Open 000generic opened 1 year ago
If there are any comments or guidance on this, I can include them in the talk I'm recording this Friday for the Biodiversity Genomics conference in October. I'll being showing the coverage pattern but for now will leave it as unresolved as to what is generating the pattern - I'm assuming some mistake or artefact on my side but have no idea what to make of it really.
Thank you!
Well, # of contigs frankly speaking does not mean anything. What is much more important is that the length of assembly increased drastically. You 50x assembly is twice as large as 30x.
Since you're assembling something wild-caught, then you need to consider multiple factors:
So, as coverage coverage increases you're starting to assemble all low-covered stuff: you're seeing more variants (inter- and intra- genome), you're seeing more contamination. And, more importantly, these artifacts start to assemble (so assembler will not remove them as sequencing errors or other relatively ow-covered stuff).
PS: You have not attached your spades.log files, they are identical to params
Hi ASL - thanks for your reply!
Sorry for the mistake on uploading - attached are the log files.
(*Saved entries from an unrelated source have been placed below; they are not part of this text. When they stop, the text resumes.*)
(* A function $r:(0,\infty)\to(0,\infty)$ is of the form $r=r[g]$ for some complete Bernstein function $g$ if and only if $t\mapsto t\,r(t)$ is a Bernstein function.
   Context: A Bernstein function is $h\in C^\infty(0,\infty)$ with $h\ge0$ and $(-1)^nh^{(n)}\le0$ for $n\ge1$; equivalently $h(z)=a+bz+\int_{(0,\infty)}(1-e^{-sz})\mu(\mathrm ds)$ with $a,b\ge0$, $\mu$ positive Radon on $(0,\infty)$, $\int\frac{s}{1+s}\mu(\mathrm ds)<\infty$ (written $h\sim(a,b,\mu)$). It is a complete Bernstein function if $\mu$ has a completely monotone density with respect to Lebesgue measure (completely monotone: $C^\infty$ with $(-1)^nm^{(n)}\ge0$ for all $n\ge0$). For $g\sim(a,b,\mu)$, the rate function is $r[g](t):=\frac a2+\frac bt+\int_{(0,\infty)}\min(s/t,1)\mu(\mathrm ds)$, $t>0$. *)

theory Defs
  imports "HOL-Analysis.Analysis"
begin

definition bernstein :: "(real \<Rightarrow> real) \<Rightarrow> bool" where
  "bernstein h \<longleftrightarrow>
     (\<forall>n x. x > 0 \<longrightarrow> ((deriv ^^ n) h) differentiable (at x)) \<and>
     (\<forall>x>0. h x \<ge> 0) \<and>
     (\<forall>n\<ge>1. \<forall>x>0. (-1) ^ n * (deriv ^^ n) h x \<le> 0)"

definition completely_monotone :: "(real \<Rightarrow> real) \<Rightarrow> bool" where
  "completely_monotone m \<longleftrightarrow>
     (\<forall>n x. x > 0 \<longrightarrow> ((deriv ^^ n) m) differentiable (at x)) \<and>
     (\<forall>n. \<forall>x>0. (-1) ^ n * (deriv ^^ n) m x \<ge> 0)"

text \<open>g is a complete Bernstein function with Levy triple (a, b, mu), where
  mu(ds) = m(s) ds on (0,infinity) with m completely monotone.\<close>
definition cbf_triple :: "(real \<Rightarrow> real) \<Rightarrow> real \<Rightarrow> real \<Rightarrow> (real \<Rightarrow> real) \<Rightarrow> bool" where
  "cbf_triple g a b m \<longleftrightarrow>
     a \<ge> 0 \<and> b \<ge> 0 \<and> completely_monotone m \<and>
     set_integrable lborel {0<..} (\<lambda>s. s / (1 + s) * m s) \<and>
     (\<forall>z>0. g z = a + b * z + (LINT s:{0<..}|lborel. (1 - exp (- s * z)) * m s))"

definition rate_fn :: "real \<Rightarrow> real \<Rightarrow> (real \<Rightarrow> real) \<Rightarrow> real \<Rightarrow> real" where
  "rate_fn a b m t = a / 2 + b / t + (LINT s:{0<..}|lborel. min (s / t) 1 * m s)"

end

theory Submission
  imports Defs
begin

(* Both directions rest on the identity, for t > 0 and mu(ds) = m(s) ds,
     [R]   t r[g](t) = a t / 2 + b + int_0^t s m(s) ds + t int_t^oo m(s) ds,
   which gives (t r(t))' = a/2 + int_t^oo m >= 0 and (t r(t))'' = - m(t).  Since a function
   h >= 0 with h' >= 0 is Bernstein iff - h'' is completely monotone, this settles the
   forward direction.  Conversely, for a Bernstein h put m = - h'', b = h(0+), a = 2 h'(oo).
   The fundamental theorem of calculus gives int_t^oo m = h'(t) - h'(oo) and, as
   t h'(t) -> 0 for t -> 0+, int_0^t s m(s) ds = h(t) - t h'(t) - h(0+).  Hence m satisfies
   the Levy integrability condition and [R] yields h(t) = t r[g](t). *)

subsection \<open>Iterated derivatives on the open half-line\<close>

text \<open>All notions involved only look at the values on \<open>(0,\<infinity>)\<close>, an open set; so derivatives
  of functions agreeing there agree there too.\<close>

lemma eventually_pos_nhds: "(x::real) > 0 \<Longrightarrow> eventually (\<lambda>y. y > 0) (nhds x)"
  by (rule eventually_nhds_in_open[of "{0<..}", simplified]) auto

lemma differentiable_at_cong_pos:
  fixes f g :: "real \<Rightarrow> real"
  assumes "f differentiable at x" "x > 0" "\<forall>y>0. f y = g y"
  shows "g differentiable at x"
proof -
  have "DERIV f x :> deriv f x" using assms(1) DERIV_deriv_iff_real_differentiable by blast
  then have "DERIV g x :> deriv f x"
    by (rule has_field_derivative_transform_within_open[where S="{0<..}"]) (use assms in auto)
  then show ?thesis using real_differentiable_def by blast
qed

lemma deriv_iter_cong_pos:
  fixes f g :: "real \<Rightarrow> real"
  assumes "\<forall>x>0. f x = g x"
  shows "\<forall>x>0. (deriv ^^ n) f x = (deriv ^^ n) g x"
proof (induction n)
  case 0 then show ?case using assms by simp
next
  case (Suc n)
  show ?case
  proof (intro allI impI)
    fix x :: real assume x: "x > 0"
    have "eventually (\<lambda>y. (deriv ^^ n) f y = (deriv ^^ n) g y) (nhds x)"
      using eventually_pos_nhds[OF x] Suc by (auto elim: eventually_mono)
    then show "(deriv ^^ Suc n) f x = (deriv ^^ Suc n) g x"
      by (simp add: deriv_cong_ev)
  qed
qed

lemma bernstein_cong_pos:
  assumes "bernstein f" "\<forall>x>0. f x = g x"
  shows "bernstein g"
  unfolding bernstein_def
proof (intro conjI allI impI)
  fix n :: nat and x :: real assume x: "x > 0"
  have "((deriv ^^ n) f) differentiable (at x)" using assms(1) x unfolding bernstein_def by blast
  then show "((deriv ^^ n) g) differentiable (at x)"
    by (rule differentiable_at_cong_pos[OF _ x deriv_iter_cong_pos[OF assms(2)]])
next
  fix x :: real assume "x > 0"
  then show "g x \<ge> 0" using assms unfolding bernstein_def by auto
next
  fix n :: nat and x :: real assume "n \<ge> 1" "x > 0"
  then show "(-1) ^ n * (deriv ^^ n) g x \<le> 0"
    using assms(1) deriv_iter_cong_pos[OF assms(2), of n] unfolding bernstein_def by auto
qed

lemma deriv_iter_uminus:
  fixes f :: "real \<Rightarrow> real"
  assumes "\<forall>n x. x > 0 \<longrightarrow> ((deriv ^^ n) f) differentiable (at x)"
  shows "\<forall>x>0. (deriv ^^ n) (\<lambda>x. - f x) x = - (deriv ^^ n) f x"
proof (induction n)
  case 0 then show ?case by simp
next
  case (Suc n)
  show ?case
  proof (intro allI impI)
    fix x :: real assume x: "x > 0"
    have "eventually (\<lambda>y. (deriv ^^ n) (\<lambda>x. - f x) y = - (deriv ^^ n) f y) (nhds x)"
      using eventually_pos_nhds[OF x] Suc by (auto elim: eventually_mono)
    then have "deriv ((deriv ^^ n) (\<lambda>x. - f x)) x = deriv (\<lambda>y. - (deriv ^^ n) f y) x"
      by (rule deriv_cong_ev) simp
    also have "\<dots> = - deriv ((deriv ^^ n) f) x"
    proof (rule deriv_minus)
      have "DERIV ((deriv ^^ n) f) x :> deriv ((deriv ^^ n) f) x"
        using assms x DERIV_deriv_iff_real_differentiable by blast
      then show "(deriv ^^ n) f field_differentiable at x"
        unfolding field_differentiable_def by blast
    qed
    finally show "(deriv ^^ Suc n) (\<lambda>x. - f x) x = - (deriv ^^ Suc n) f x" by simp
  qed
qed

lemma deriv_iter_add2: "(deriv ^^ (n + 2)) h = (deriv ^^ n) (deriv (deriv h))"
  unfolding funpow_add by (simp add: numeral_2_eq_2)

text \<open>A nonnegative, nondecreasing function whose second derivative is \<open>- m\<close> with \<open>m\<close>
  completely monotone is Bernstein: its derivative of order \<open>n + 2\<close> is minus the \<open>n\<close>-th
  derivative of \<open>m\<close>.\<close>

lemma bernstein_of_second_derivative:
  fixes h hd m :: "real \<Rightarrow> real"
  assumes dh: "\<And>x. x > 0 \<Longrightarrow> (h has_real_derivative hd x) (at x)"
    and dhd: "\<And>x. x > 0 \<Longrightarrow> (hd has_real_derivative - m x) (at x)"
    and cm: "completely_monotone m"
    and h_nonneg: "\<forall>x>0. h x \<ge> 0" and hd_nonneg: "\<forall>x>0. hd x \<ge> 0"
  shows "bernstein h"
proof -
  have m_smooth: "\<forall>n x. x > 0 \<longrightarrow> ((deriv ^^ n) m) differentiable (at x)"
   and m_sign: "\<forall>n. \<forall>x>0. (-1) ^ n * (deriv ^^ n) m x \<ge> 0"
    using cm unfolding completely_monotone_def by auto
  have d1: "\<forall>x>0. deriv h x = hd x" using dh DERIV_imp_deriv by blast
  have d2: "\<forall>x>0. deriv (deriv h) x = - m x"
  proof (intro allI impI)
    fix x :: real assume x: "x > 0"
    have "deriv (deriv h) x = deriv hd x"
      by (rule deriv_cong_ev) (use eventually_pos_nhds[OF x] d1 in \<open>auto elim: eventually_mono\<close>)
    then show "deriv (deriv h) x = - m x" using dhd[OF x] DERIV_imp_deriv by simp
  qed
  have dn: "\<forall>x>0. (deriv ^^ (n + 2)) h x = - (deriv ^^ n) m x" for n
    unfolding deriv_iter_add2
    using deriv_iter_cong_pos[OF d2, of n] deriv_iter_uminus[OF m_smooth, of n] by simp
  have diff: "((deriv ^^ n) h) differentiable (at x)" if x: "x > 0" for n x
  proof -
    consider "n = 0" | "n = 1" | k where "n = k + 2"
      by (metis One_nat_def add_2_eq_Suc' not0_implies_Suc)
    then show ?thesis
    proof cases
      case 1 then show ?thesis using dh[OF x] real_differentiable_def by auto
    next
      case 2
      have "hd differentiable at x" using dhd[OF x] real_differentiable_def by blast
      then show ?thesis using 2 differentiable_at_cong_pos[of hd x "deriv h"] x d1 by auto
    next
      case 3
      have "(\<lambda>y. - (deriv ^^ k) m y) differentiable at x" using m_smooth x by auto
      moreover have "\<forall>y>0. (\<lambda>y. - (deriv ^^ k) m y) y = (deriv ^^ n) h y"
        using dn[of k] 3 by (simp only:) simp
      ultimately show ?thesis by (rule differentiable_at_cong_pos[OF _ x])
    qed
  qed
  have sign: "(-1) ^ n * (deriv ^^ n) h x \<le> 0" if "n \<ge> 1" "x > 0" for n x
  proof -
    consider "n = 1" | k where "n = k + 2"
      using \<open>n \<ge> 1\<close> by (metis One_nat_def add_2_eq_Suc' le_Suc_eq le_zero_eq not0_implies_Suc)
    then show ?thesis
    proof cases
      case 1 then show ?thesis using d1 hd_nonneg that by auto
    next
      case 2
      have "(deriv ^^ n) h x = - (deriv ^^ k) m x" using dn[of k] that unfolding 2 by blast
      moreover have "(-1) ^ n = ((-1) ^ k :: real)" using 2 by simp
      moreover have "0 \<le> (-1) ^ k * (deriv ^^ k) m x" using m_sign that by blast
      ultimately show ?thesis by simp
    qed
  qed
  show ?thesis unfolding bernstein_def using diff sign h_nonneg by auto
qed

lemma completely_monotone_second_derivative:
  fixes h :: "real \<Rightarrow> real"
  assumes "bernstein h"
  shows "completely_monotone (\<lambda>x. - deriv (deriv h) x)"
proof -
  have h_smooth: "\<forall>n x. x > 0 \<longrightarrow> ((deriv ^^ n) h) differentiable (at x)"
   and h_sign: "\<forall>n\<ge>1. \<forall>x>0. (-1) ^ n * (deriv ^^ n) h x \<le> 0"
    using assms unfolding bernstein_def by auto
  have h2_smooth: "\<forall>n x. x > 0 \<longrightarrow> ((deriv ^^ n) (deriv (deriv h))) differentiable (at x)"
    using h_smooth by (metis deriv_iter_add2)
  have eq: "\<forall>x>0. (deriv ^^ n) (\<lambda>x. - deriv (deriv h) x) x = - (deriv ^^ (n + 2)) h x" for n
    unfolding deriv_iter_add2 using deriv_iter_uminus[OF h2_smooth, of n] by simp
  have "((deriv ^^ n) (\<lambda>x. - deriv (deriv h) x)) differentiable (at x)" if "x > 0" for n x
  proof (rule differentiable_at_cong_pos[OF _ that])
    show "(\<lambda>y. - (deriv ^^ (n + 2)) h y) differentiable at x"
      by (rule differentiable_minus, rule h_smooth[rule_format, OF that])
    show "\<forall>y>0. - (deriv ^^ (n + 2)) h y = (deriv ^^ n) (\<lambda>x. - deriv (deriv h) x) y"
      using eq[of n] by metis
  qed
  moreover have "(-1) ^ n * (deriv ^^ n) (\<lambda>x. - deriv (deriv h) x) x \<ge> 0" if "x > 0" for n x
  proof -
    have "n + 2 \<ge> 1" by simp
    then have "(-1) ^ (n + 2) * (deriv ^^ (n + 2)) h x \<le> 0" using h_sign that by blast
    moreover have "(-1) ^ (n + 2) = ((-1) ^ n :: real)" by simp
    ultimately show ?thesis using eq[of n] that by simp
  qed
  ultimately show ?thesis unfolding completely_monotone_def by auto
qed

lemma completely_monotone_continuous_nonneg:
  fixes m :: "real \<Rightarrow> real"
  assumes "completely_monotone m"
  shows "continuous_on {0<..} m" "\<forall>s>0. m s \<ge> 0"
proof -
  have "\<forall>x>0. m differentiable at x"
    using assms unfolding completely_monotone_def by (metis funpow_0)
  then show "continuous_on {0<..} m"
    by (intro continuous_at_imp_continuous_on ballI differentiable_imp_continuous_within) auto
  show "\<forall>s>0. m s \<ge> 0"
    using assms unfolding completely_monotone_def by (metis funpow_0 mult_1 power_0)
qed

subsection \<open>Integrability under the Levy condition\<close>

lemma set_borel_measurable_continuous_on_open:
  fixes g :: "real \<Rightarrow> real"
  assumes "continuous_on A g" "open A"
  shows "set_borel_measurable lborel A g"
  unfolding set_borel_measurable_def
  using borel_measurable_continuous_on_indicator[OF _ assms(1)] assms(2) by simp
I agree with what you highlight - however its worth noting, for example, that the expected genome size is reached at 30x (a 2015 genome publication for a species in the genus has a genome of 300-350 Mb - and at 30x in the assemblies genome size is at ~330-360 Mb) - but then genome size loosely doubles going from 30x to 35x and goes beyond double as coverage increases. This feels like maybe the haplotypes suddenly / dramatically co-assembled across the transition from 30x to 35x in coverage, given the near doubling of expected genome size. However BUSCO scores cut in half with no real change in duplicates. So maybe the heterozygosity is suddenly taking hold at 35x causing the haplotypes to attempt co-assembly but largely failing with a jumbling of things so that many previously well formed genes at 30x are corrupted at 35x and unrecognized by BUSCO....?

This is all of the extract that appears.